Перспектива не вызывала у Харшоу особого энтузиазма, однако он взял себя в руки и ответил с подобающей случаю торжественностью:
— Спасибо, Майк.
— Это мне следует благодарить тебя, брат мой, — а если будет так, что я буду избран прежде тебя, надеюсь, ты сочтешь меня достойным гроканья. Ты и Джилл, вы поделитесь мной. Вы поделитесь мной? Ты обещаешь?
Подняв глаза, Харшоу увидел на лице Джилл серьезное, невозмутимое выражение — и подумал, что опытную, всякого в жизни повидавшую медсестру не так-то просто вывести из себя.
— Мы с Джилл поделимся тобой, — все так же торжественно заверил он Майка. — Однако я очень надеюсь, что в ближайшее время никто из нас не станет пищей. А сейчас я покажу тебе пистолет — а ты жди моего слова… и будь очень осторожен, потому что мне еще много чего надо сделать, прежде чем развоплощаться.
— Я буду осторожен, брат мой.
— Хорошо. — Харшоу нагнулся, кряхтя, открыл нижний ящик стола. — Вот, смотри, Майк. Видишь пистолет? Сейчас я его возьму. Ничего не делай, пока я тебе не скажу. Девушки, живо сдвинулись влево. Погоди, Майк, еще не время. — Джубал потянулся к старому револьверу полицейского образца, вынул его из ящика. — Ну, Майк, готовься. Давай. — Он вскинул оружие, чтобы нацелить его на Человека с Марса…
Оружие? В руке ничего не было. Джубал не почувствовал ни дрожи, ни толчка, ни рывка. Револьвер исчез — и все.
— Великолепно! — констатировал Джубал, с трудом уняв внезапную дрожь. — Ты уничтожил револьвер, не дав мне прицелиться. Превосходно.
— Я очень счастлив.
— Я тоже. Дюк, а это будет на пленке?
— Ага. Я зарядил новую кассету.
— Прекрасно. Ну ладно, детки, — устало вздохнул Джубал, — пока что все. Бегите, порезвитесь на травке. Поплавайте. И ты, Энн, тоже.
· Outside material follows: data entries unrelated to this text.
lemma bailey_telescoping_zero:
  fixes a b :: complex
  defines "c \<equiv> 3/4 + a/2 + b/2" and "d \<equiv> 3/4 + a/2 - b/2"
  shows "(of_nat N + 1) * (c + of_nat N) * (d + of_nat N) * bailey_term a c d (Suc N) 0
       - (a + of_nat N) * (1/2 - b + of_nat N) * (1/2 + b + of_nat N) * bailey_term a c d N 0
     = bailey_cert a c d N 1 - bailey_cert a c d N 0"
proof -
  define D :: complex where "D = fact (Suc N)"
  define P where "P = 4^N * pochhammer a N"
  let ?X = "(of_nat N + 1) * (c + of_nat N) * (d + of_nat N)"
  let ?Y = "(a + of_nat N) * (1/2 - b + of_nat N) * (1/2 + b + of_nat N)"
  have "D \<noteq> 0"
    by (simp add: D_def)
  have W1: "D * bailey_cert a c d N 1
      = (of_nat N + 1) * ((3 * of_nat N + 2 + a) * (a + of_nat N + 1) * (a + of_nat N) * P)"
    by (simp add: bailey_cert_def D_def P_def pochhammer_rec' field_simps)
  have T1: "D * bailey_term a c d (Suc N) 0 = 4 * (a + of_nat N) * P"
    by (simp add: bailey_term_def D_def P_def pochhammer_rec')
  have T0: "D * bailey_term a c d N 0 = (of_nat N + 1) * P"
    by (simp add: bailey_term_def D_def P_def)
  have key: "4 * (c + of_nat N) * (d + of_nat N) - (1/2 - b + of_nat N) * (1/2 + b + of_nat N)
      = (3 * of_nat N + 2 + a) * (a + of_nat N + 1)"
    unfolding c_def d_def by (simp add: field_simps)
  have "D * (?X * bailey_term a c d (Suc N) 0 - ?Y * bailey_term a c d N 0)
      = ?X * (D * bailey_term a c d (Suc N) 0) - ?Y * (D * bailey_term a c d N 0)"
    by algebra
  also have "\<dots> = (of_nat N + 1) * (a + of_nat N) * P
      * (4 * (c + of_nat N) * (d + of_nat N) - (1/2 - b + of_nat N) * (1/2 + b + of_nat N))"
    unfolding T1 T0 by algebra
  also have "\<dots> = D * (bailey_cert a c d N 1 - bailey_cert a c d N 0)"
    unfolding key right_diff_distrib W1 by (simp add: bailey_cert_def algebra_simps)
  finally show ?thesis
    using \<open>D \<noteq> 0\<close> by simp
qed

lemma bailey_telescoping_top:
  fixes a b :: complex
  defines "c \<equiv> 3/4 + a/2 + b/2" and "d \<equiv> 3/4 + a/2 - b/2"
  assumes c: "\<forall>m::nat. c + of_nat m \<noteq> 0" and d: "\<forall>m::nat. d + of_nat m \<noteq> 0"
  shows "(of_nat N + 1) * (c + of_nat N) * (d + of_nat N) * bailey_term a c d (Suc N) (Suc N)
       - (a + of_nat N) * (1/2 - b + of_nat N) * (1/2 + b + of_nat N) * bailey_term a c d N (Suc N)
     = bailey_cert a c d N (Suc (Suc N)) - bailey_cert a c d N (Suc N)"
proof -
  define D where "D = pochhammer c (Suc N) * pochhammer d (Suc N) * fact (Suc N)"
  define s :: complex where "s = (-1)^Suc N"
  define P where "P = pochhammer a (3 * N + 2)"
  have nz: "pochhammer c N \<noteq> 0" "pochhammer d N \<noteq> 0" "c + of_nat N \<noteq> 0" "d + of_nat N \<noteq> 0"
    using c d by (simp_all add: pochhammer_neq_0_if_shifts_neq_0)
  then have "D \<noteq> 0"
    by (simp add: D_def pochhammer_rec')
  have idx: "Suc N + 2 * Suc N = Suc (3 * N + 2)" "N + 2 * Suc N = 3 * N + 2"
    by simp_all
  have of_nat_idx: "of_nat (3 * N + 2) = 3 * of_nat N + (2 :: complex)"
    by simp
  have T: "D * bailey_term a c d (Suc N) (Suc N) = s * ((a + of_nat (3 * N + 2)) * P)"
    using \<open>D \<noteq> 0\<close> unfolding bailey_term_def idx pochhammer_rec'[of a "3 * N + 2"] D_def[symmetric]
    by (simp add: s_def P_def)
  have W: "D * bailey_cert a c d N (Suc N)
      = - ((c + of_nat N) * (d + of_nat N) * (of_nat N + 1)) * ((3 * of_nat N + 2 + a) * s * P)"
    using nz unfolding bailey_cert_def idx D_def pochhammer_rec'[of c N] pochhammer_rec'[of d N] fact_Suc[of N]
    by (simp add: s_def P_def field_simps del: fact_Suc)
  have T0: "bailey_term a c d N (Suc N) = 0" and W2: "bailey_cert a c d N (Suc (Suc N)) = 0"
    by (simp_all add: bailey_term_def bailey_cert_def)
  have "D * ((of_nat N + 1) * (c + of_nat N) * (d + of_nat N) * bailey_term a c d (Suc N) (Suc N)
       - (a + of_nat N) * (1/2 - b + of_nat N) * (1/2 + b + of_nat N) * bailey_term a c d N (Suc N))
      = (of_nat N + 1) * (c + of_nat N) * (d + of_nat N) * (D * bailey_term a c d (Suc N) (Suc N))"
    unfolding T0 by algebra
  also have "\<dots> = - (D * bailey_cert a c d N (Suc N))"
    unfolding T W of_nat_idx by algebra
  also have "\<dots> = D * (bailey_cert a c d N (Suc (Suc N)) - bailey_cert a c d N (Suc N))"
    unfolding W2 by simp
  finally show ?thesis
    using \<open>D \<noteq> 0\<close> by simp
qed

lemma bailey_telescoping:
  fixes a b :: complex
  defines "c \<equiv> 3/4 + a/2 + b/2" and "d \<equiv> 3/4 + a/2 - b/2"
  assumes c: "\<forall>m::nat. c + of_nat m \<noteq> 0" and d: "\<forall>m::nat. d + of_nat m \<noteq> 0"
  shows "(of_nat N + 1) * (c + of_nat N) * (d + of_nat N) * bailey_term a c d (Suc N) i
       - (a + of_nat N) * (1/2 - b + of_nat N) * (1/2 + b + of_nat N) * bailey_term a c d N i
     = bailey_cert a c d N (Suc i) - bailey_cert a c d N i"
proof -
  consider "i = 0" | j m where "i = Suc j" "N = Suc j + m" | "i = Suc N" | "Suc N < i"
    by (metis le_Suc_ex not0_implies_Suc not_less_eq le_neq_implies_less not_less)
  then show ?thesis
  proof cases
    case 1
    then show ?thesis using bailey_telescoping_zero[of N a b] by (simp add: c_def d_def)
  next
    case 2
    then show ?thesis using bailey_telescoping_inner[of a b N] c d by (simp add: c_def d_def)
  next
    case 3
    then show ?thesis using bailey_telescoping_top[of a b N] c d by (simp add: c_def d_def)
  next
    case 4
    then show ?thesis by (simp add: bailey_term_def bailey_cert_def)
  qed
qed

lemma bailey_sum_recurrence:
  fixes a b :: complex
  defines "c \<equiv> 3/4 + a/2 + b/2" and "d \<equiv> 3/4 + a/2 - b/2"
  assumes c: "\<forall>m::nat. c + of_nat m \<noteq> 0" and d: "\<forall>m::nat. d + of_nat m \<noteq> 0"
  shows "(of_nat N + 1) * (c + of_nat N) * (d + of_nat N) * (\<Sum>i\<le>Suc N. bailey_term a c d (Suc N) i)
       = (a + of_nat N) * (1/2 - b + of_nat N) * (1/2 + b + of_nat N) * (\<Sum>i\<le>N. bailey_term a c d N i)"
proof -
  let ?X = "(of_nat N + 1) * (c + of_nat N) * (d + of_nat N)"
  let ?Y = "(a + of_nat N) * (1/2 - b + of_nat N) * (1/2 + b + of_nat N)"
  have "(\<Sum>i\<le>Suc N. ?X * bailey_term a c d (Suc N) i - ?Y * bailey_term a c d N i)
      = (\<Sum>i<Suc (Suc N). bailey_cert a c d N (Suc i) - bailey_cert a c d N i)"
    using bailey_telescoping[of a b N] c d by (simp add: lessThan_Suc_atMost c_def d_def)
  also have "\<dots> = 0"
    by (simp only: sum_lessThan_telescope) (simp add: bailey_cert_def)
  moreover have "bailey_term a c d N (Suc N) = 0"
    by (simp add: bailey_term_def)
  ultimately show ?thesis
    by (simp add: sum_subtractf flip: sum_distrib_left)
qed

lemma bailey_sum:
  fixes a b :: complex
  defines "c \<equiv> 3/4 + a/2 + b/2" and "d \<equiv> 3/4 + a/2 - b/2"
  assumes c: "\<forall>m::nat. c + of_nat m \<noteq> 0" and d: "\<forall>m::nat. d + of_nat m \<noteq> 0"
  shows "(\<Sum>i\<le>N. bailey_term a c d N i)
       = pochhammer a N * pochhammer (1/2 - b) N * pochhammer (1/2 + b) N
           / (fact N * pochhammer c N * pochhammer d N)"
proof (induction N)
  case 0
  then show ?case
    by (simp add: bailey_term_def)
next
  case (Suc N)
  let ?X = "(of_nat N + 1) * (c + of_nat N) * (d + of_nat N)"
  let ?Y = "(a + of_nat N) * (1/2 - b + of_nat N) * (1/2 + b + of_nat N)"
  let ?R = "\<lambda>N. pochhammer a N * pochhammer (1/2 - b) N * pochhammer (1/2 + b) N
              / (fact N * pochhammer c N * pochhammer d N)"
  have "?X \<noteq> 0"
    using c d by simp
  have "?R (Suc N) = ?R N * (?Y / ?X)"
    by (simp only: pochhammer_rec' fact_Suc of_nat_Suc times_divide_times_eq ac_simps)
  also have "\<dots> = ?Y * (\<Sum>i\<le>N. bailey_term a c d N i) / ?X"
    by (simp add: Suc.IH)
  also have "\<dots> = ?X * (\<Sum>i\<le>Suc N. bailey_term a c d (Suc N) i) / ?X"
    unfolding bailey_sum_recurrence[of a b N, folded c_def d_def, OF c d] ..
  also have "\<dots> = (\<Sum>i\<le>Suc N. bailey_term a c d (Suc N) i)"
    using \<open>?X \<noteq> 0\<close> by simp
  finally show ?case ..
qed

lemma fps_pow_1m4X_neg_nth: "fps_pow_1m4X (- s) $ n = 4^n * pochhammer s n / fact n"
proof -
  have "(-4)^n * (-1)^n = (4::complex)^n"
    by (simp flip: power_mult_distrib)
  then show ?thesis
    by (simp add: fps_pow_1m4X_nth gbinomial_pochhammer)
qed

lemma hyp3F2_thirds_compose_fps_Z_nth:
  assumes c: "\<forall>m::nat. c + of_nat m \<noteq> 0" and d: "\<forall>m::nat. d + of_nat m \<noteq> 0"
  shows "(fps_pow_1m4X (-a) * (hyp3F2_thirds c d a oo fps_Z)) $ N = (\<Sum>i\<le>N. bailey_term a c d N i)"
  unfolding fps_mult_compose_nth[OF fps_Z_nth_0]
proof (intro sum.cong refl)
  fix i assume "i \<in> {..N}"
  then have "i \<le> N"
    by simp
  have nz: "pochhammer c i \<noteq> 0" "pochhammer d i \<noteq> 0"
    using c d by (simp_all add: pochhammer_neq_0_if_shifts_neq_0)
  have "3 * i + (N - i) = N + 2 * i"
    using \<open>i \<le> N\<close> by simp
  then have prod: "pochhammer a (3 * i) * pochhammer (a + 3 * of_nat i) (N - i) = pochhammer a (N + 2 * i)"
    using pochhammer_product'[of a "3 * i" "N - i"] by (simp only: of_nat_mult of_nat_numeral)
  have "(fps_pow_1m4X (-a) * fps_Z ^ i) $ N
      = (-1)^i * 27^i * (4^(N - i) * pochhammer (a + 3 * of_nat i) (N - i) / fact (N - i))"
    using \<open>i \<le> N\<close> fps_pow_1m4X_neg_nth[of "a + 3 * of_nat i"]
    by (simp add: fps_pow_1m4X_mult_power_fps_Z_nth power_mult_distrib[symmetric])
  then have "hyp3F2_thirds c d a $ i * (fps_pow_1m4X (-a) * fps_Z ^ i) $ N
      = (-1)^i * 4^(N - i) * ((pochhammer (a/3) i * pochhammer ((a+1)/3) i * pochhammer ((a+2)/3) i * 27^i)
          * pochhammer (a + 3 * of_nat i) (N - i)) / (pochhammer c i * pochhammer d i * fact i * fact (N - i))"
    unfolding hyp3F2_thirds_def hyp3F2_fps_def fps_nth_Abs_fps using nz by (simp add: field_simps)
  also have "\<dots> = bailey_term a c d N i"
    unfolding pochhammer_thirds prod using \<open>i \<le> N\<close> by (simp add: bailey_term_def)
  finally show "hyp3F2_thirds c d a $ i * (fps_pow_1m4X (-a) * fps_Z ^ i) $ N = bailey_term a c d N i" .
qed
theorem lemma3p1:
  fixes K :: "'a::idom set" and \<delta> :: "nat \<Rightarrow> 'a \<Rightarrow> 'a" and m :: nat
    and V :: "'a set" and S :: "'a set set"
  assumes "subfield K"
    and "\<And>i. i \<in> {1..m} \<Longrightarrow> lin_derivation K (\<delta> i)"
    and "fin_dim_subspace K V"
    and "\<And>I. I \<in> S \<Longrightarrow> is_ideal I"
    and "\<And>i I. i \<in> {1..m} \<Longrightarrow> I \<in> S \<Longrightarrow> \<delta> i ` I \<subseteq> I"
    and "\<Inter> S = {0}"
    and "\<And>I. I \<in> S \<Longrightarrow> V \<inter> I \<noteq> {0}"
  shows "\<exists>f :: 'a fract. f \<notin> (\<lambda>c. Fract c 1) ` K \<and> (\<forall>i\<in>{1..m}. frac_deriv (\<delta> i) f = 0)"
proof -
  obtain B where B: "finite B" "V = lin_span K B"
    using assms(3) unfolding fin_dim_subspace_def lin_span_def by blast
  have meets: "lin_span K B \<inter> I \<noteq> {0}" if "I \<in> S" for I
    using assms(7)[OF that] B(2) by simp
  show ?thesis
    by (rule exists_rational_first_integral[of K m \<delta> S B]) (fact assms B(1) meets)+
qed

end
(* Let $(X,\beta,m)$ be a non-atomic standard probability space and $\tau$ an ergodic invertible measure-preserving map of $X$. Let $(\epsilon_n)_{n\ge1}$ be a sequence with $0<\epsilon_n<1/2$ for all $n$ and $\epsilon_n$ decreasing to $0$. Then there exists $E\in\beta$ with $m(E)>0$ such that $$m\Big(\bigcup_{k=1}^n\tau^k(E)\Big)\le1-\epsilon_n\quad\text{for all }n\ge1.$$ *)

theory Defs
  imports "HOL-Probability.Probability"
begin

definition standard_prob_space :: "('a::polish_space) measure \<Rightarrow> bool" where
  "standard_prob_space M \<longleftrightarrow> prob_space M \<and> sets M = sets borel"

definition non_atomic :: "'a measure \<Rightarrow> bool" where
  "non_atomic M \<longleftrightarrow> (\<forall>A\<in>sets M. measure M A > 0 \<longrightarrow>
      (\<exists>B\<in>sets M. B \<subseteq> A \<and> 0 < measure M B \<and> measure M B < measure M A))"

definition measure_preserving :: "'a measure \<Rightarrow> ('a \<Rightarrow> 'a) \<Rightarrow> bool" where
  "measure_preserving M T \<longleftrightarrow> T \<in> measurable M M \<and>
      (\<forall>A\<in>sets M. emeasure M (T -` A \<inter> space M) = emeasure M A)"

definition invertible_mpt :: "'a measure \<Rightarrow> ('a \<Rightarrow> 'a) \<Rightarrow> bool" where
  "invertible_mpt M T \<longleftrightarrow> bij_betw T (space M) (space M) \<and> measure_preserving M T \<and>
      measure_preserving M (the_inv_into (space M) T)"

definition ergodic :: "'a measure \<Rightarrow> ('a \<Rightarrow> 'a) \<Rightarrow> bool" where
  "ergodic M T \<longleftrightarrow> (\<forall>A\<in>sets M. T -` A \<inter> space M = A \<longrightarrow>
      measure M A = 0 \<or> measure M A = 1)"

end

theory Submission
  imports Defs
begin

text \<open>Pass to \<open>\<sigma> = \<tau>\<inverse>\<close>: the complement of \<open>\<Union>k\<le>n. \<tau>\<^sup>k E\<close> is \<open>\<Inter>k\<le>n. \<sigma>\<^sup>-\<^sup>k C\<close> for the complement \<open>C\<close>
  of \<open>E\<close>, so one needs a set \<open>C\<close> of measure less than \<open>1\<close> whose first \<open>n\<close> preimages still share
  measure \<open>\<epsilon>\<^sub>n\<close>. For a small set \<open>A\<close>, the set of points whose first \<open>m\<close> iterates avoid \<open>A\<close>
  shrinks from the whole space to a null set (by ergodicity) in steps of at most \<open>m(A)\<close>; stopping at
  the right moment yields, for any \<open>a < 1\<close> and \<open>L\<close>, a set of measure about \<open>a\<close> whose first
  \<open>L\<close> preimages share measure \<open>a\<close>. Doing this at the scales \<open>\<epsilon>\<^sub>1 2\<^sup>-\<^sup>j\<close>, with \<open>L\<close> so large that
  \<open>\<epsilon>\<^sub>n\<close> has meanwhile dropped below the next scale, and taking the union gives \<open>C\<close> of measure
  at most about \<open>2 \<epsilon>\<^sub>1 < 1\<close>.\<close>

lemma (in prob_space) non_atomic_exists_small_set:
  assumes "non_atomic M" and "0 < \<eta>"
  shows "\<exists>A\<in>sets M. 0 < measure M A \<and> measure M A < \<eta>"
proof -
  have "\<exists>A\<in>sets M. 0 < measure M A \<and> measure M A \<le> (1/2::real) ^ k" for k
  proof (induction k)
    case 0
    show ?case using prob_space by (intro bexI[of _ "space M"]) auto
  next
    case (Suc k)
    then obtain A where A: "A \<in> sets M" "0 < measure M A" "measure M A \<le> (1/2::real) ^ k"
      by blast
    then obtain B where B: "B \<in> sets M" "B \<subseteq> A" "0 < measure M B" "measure M B < measure M A"
      using \<open>non_atomic M\<close> unfolding non_atomic_def by blast
    have "measure M (A - B) = measure M A - measure M B"
      using finite_measure_Diff A B by simp
    \<comment> \<open>one of the two halves \<open>B\<close>, \<open>A - B\<close> has at most half the measure of \<open>A\<close>\<close>
    then show ?case
      using A B by (cases "measure M B \<le> measure M A / 2") (auto intro: bexI[of _ B] bexI[of _ "A - B"])
  qed
  moreover obtain k where "(1/2::real) ^ k < \<eta>"
    using real_arch_pow_inv[of \<eta> "1/2"] \<open>0 < \<eta>\<close> by auto
  ultimately show ?thesis by (meson le_less_trans)
qed
text \<open>No unitary negates \<open>\<alpha>\<^sub>3\<close> alone, as it would reflect the Bloch sphere of the first qubit;
  complex conjugation composed with \<open>\<sigma>\<^sub>x \<otimes> I\<close> does.\<close>

lemma flips_conj_apply_op_obs2: "flips (\<lambda>psi r. cnj (apply_op (obs 2) psi r)) {4, 6, 9, 12, 14, 16}"
  unfolding flips_def atLeastAtMost_1_16 ball_simps(7) ball_empty pure_state_def bloch_expand
  unfolding apply_op_def sum_lessThan_4 obs_def tensor2_def bloch_idx_def
  by (simp add: pauli_def algebra_simps)

section \<open>Posterior terms\<close>

definition agree_before :: "nat \<Rightarrow> (nat \<Rightarrow> complex) \<Rightarrow> (nat \<Rightarrow> complex) \<Rightarrow> bool" where
  "agree_before i p q \<longleftrightarrow> (\<forall>j\<in>{1..<i}. bloch p j = bloch q j)"

lemma agree_beforeD: "agree_before i p q \<Longrightarrow> 0 < j \<Longrightarrow> j < i \<Longrightarrow> bloch p j = bloch q j"
  by (simp add: agree_before_def)

lemma cond_vals_eq: "cond_vals q i = {bloch p i |p. pure_state p \<and> agree_before i p q}"
  by (simp add: cond_vals_def agree_before_def)

lemma bloch_in_cond_vals: "pure_state q \<Longrightarrow> bloch q i \<in> cond_vals q i"
  unfolding cond_vals_eq agree_before_def by blast

lemma hmid_eq: "hmid q i = (Sup (cond_vals q i) + Inf (cond_vals q i)) / 2"
  by (simp add: hmid_def bmax_def bmin_def)

abbreviation chi2_post_term :: "(nat \<Rightarrow> complex) \<Rightarrow> nat \<Rightarrow> real" where
  "chi2_post_term q i \<equiv> D_chi2 (bloch q i) (hmid q i)"

lemma chi2_post_term_eq_0_if_determined:
  assumes "pure_state q" "\<And>p. pure_state p \<Longrightarrow> agree_before i p q \<Longrightarrow> bloch p i = bloch q i"
  shows "chi2_post_term q i = 0"
proof -
  have "cond_vals q i = {bloch q i}"
    using bloch_in_cond_vals[OF assms(1)] assms(2) by (auto simp: cond_vals_eq)
  then show ?thesis by (simp add: hmid_eq D_chi2_self)
qed

lemma chi2_post_term_le_sq_if_determined_up_to_sign:
  assumes "pure_state q" "\<And>p. pure_state p \<Longrightarrow> agree_before i p q \<Longrightarrow> (bloch p i)\<^sup>2 = (bloch q i)\<^sup>2"
  shows "chi2_post_term q i \<le> (bloch q i)\<^sup>2"
proof -
  define S b where "S = cond_vals q i" and "b = bloch q i"
  have b: "b \<in> S" using bloch_in_cond_vals[OF assms(1)] by (simp add: S_def b_def)
  have "S \<subseteq> {b, - b}"
    using assms(2) by (auto simp: S_def b_def cond_vals_eq power2_eq_iff)
  show ?thesis
  proof (cases "- b \<in> S")
    case True
    with \<open>S \<subseteq> {b, - b}\<close> b have "S = {b, - b}" by auto
    then have "uminus ` S = S" by auto
    then show ?thesis by (simp add: hmid_eq midpoint_eq_0_if_symmetric D_chi2_at_0 flip: S_def b_def)
  next
    case False
    with \<open>S \<subseteq> {b, - b}\<close> b have "S = {b}" by auto
    then show ?thesis by (simp add: hmid_eq D_chi2_self flip: S_def b_def)
  qed
qed

text \<open>The flip makes the set of conditional values symmetric about 0, so its midpoint is 0.\<close>

lemma chi2_post_term_eq_sq_if_flips:
  assumes q: "pure_state q" and T: "flips T F" and i: "i \<in> F" "0 < i" "i \<le> 16"
    and vanish: "\<And>j. j \<in> F \<Longrightarrow> 0 < j \<Longrightarrow> j < i \<Longrightarrow> bloch q j = 0"
  shows "chi2_post_term q i = (bloch q i)\<^sup>2"
proof -
  define S where "S = cond_vals q i"
  have neg: "- x \<in> S" if "x \<in> S" for x
  proof -
    from that obtain p where p: "pure_state p" "agree_before i p q" "x = bloch p i"
      by (auto simp: S_def cond_vals_eq)
    have "agree_before i (T p) q"
      unfolding agree_before_def
    proof
      fix j assume j: "j \<in> {1..<i}"
      then have "bloch p j = bloch q j" using p(2) by (simp add: agree_beforeD)
      then show "bloch (T p) j = bloch q j" using T j i vanish[of j] by (auto simp: flips_def)
    qed
    moreover have "pure_state (T p)" "bloch (T p) i = - x" using T i p by (auto simp: flips_def)
    ultimately show ?thesis unfolding S_def cond_vals_eq by force
  qed
  have "uminus ` S = S"
  proof
    show "uminus ` S \<subseteq> S" using neg by auto
    show "S \<subseteq> uminus ` S" using neg by (metis image_eqI minus_minus subsetI)
  qed
  then show ?thesis by (simp add: hmid_eq midpoint_eq_0_if_symmetric D_chi2_at_0 flip: S_def)
qed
— Начальник? — заговорила молчавшая до этого времени Энн. — Ты расскажешь мне, что там на этих пленках?
— А ты что, не останешься посмотреть?
— Нет, ни в коем случае. Я не могу — по крайней мере, те их части, где я была Свидетелем. Но все-таки интересно знать — съехала у меня крыша или нет.
— Ладно, расскажу.
— А что это у тебя морда такая кислая? — поинтересовался Харшоу у Дюка, когда остальные ушли.
— Ничего не кислая, мне просто хотелось бы знать, долго ли нам придется терпеть общество этого упыря?
— Упыря? Он — упырь, а ты — чурбан неотесанный.
— Хорошо, пусть я чурбан неотесанный. Может, наш Канзас и глухая дыра, но уж людоедством-то там никто не занимается. Пока этот тип не уберется, я ем на кухне.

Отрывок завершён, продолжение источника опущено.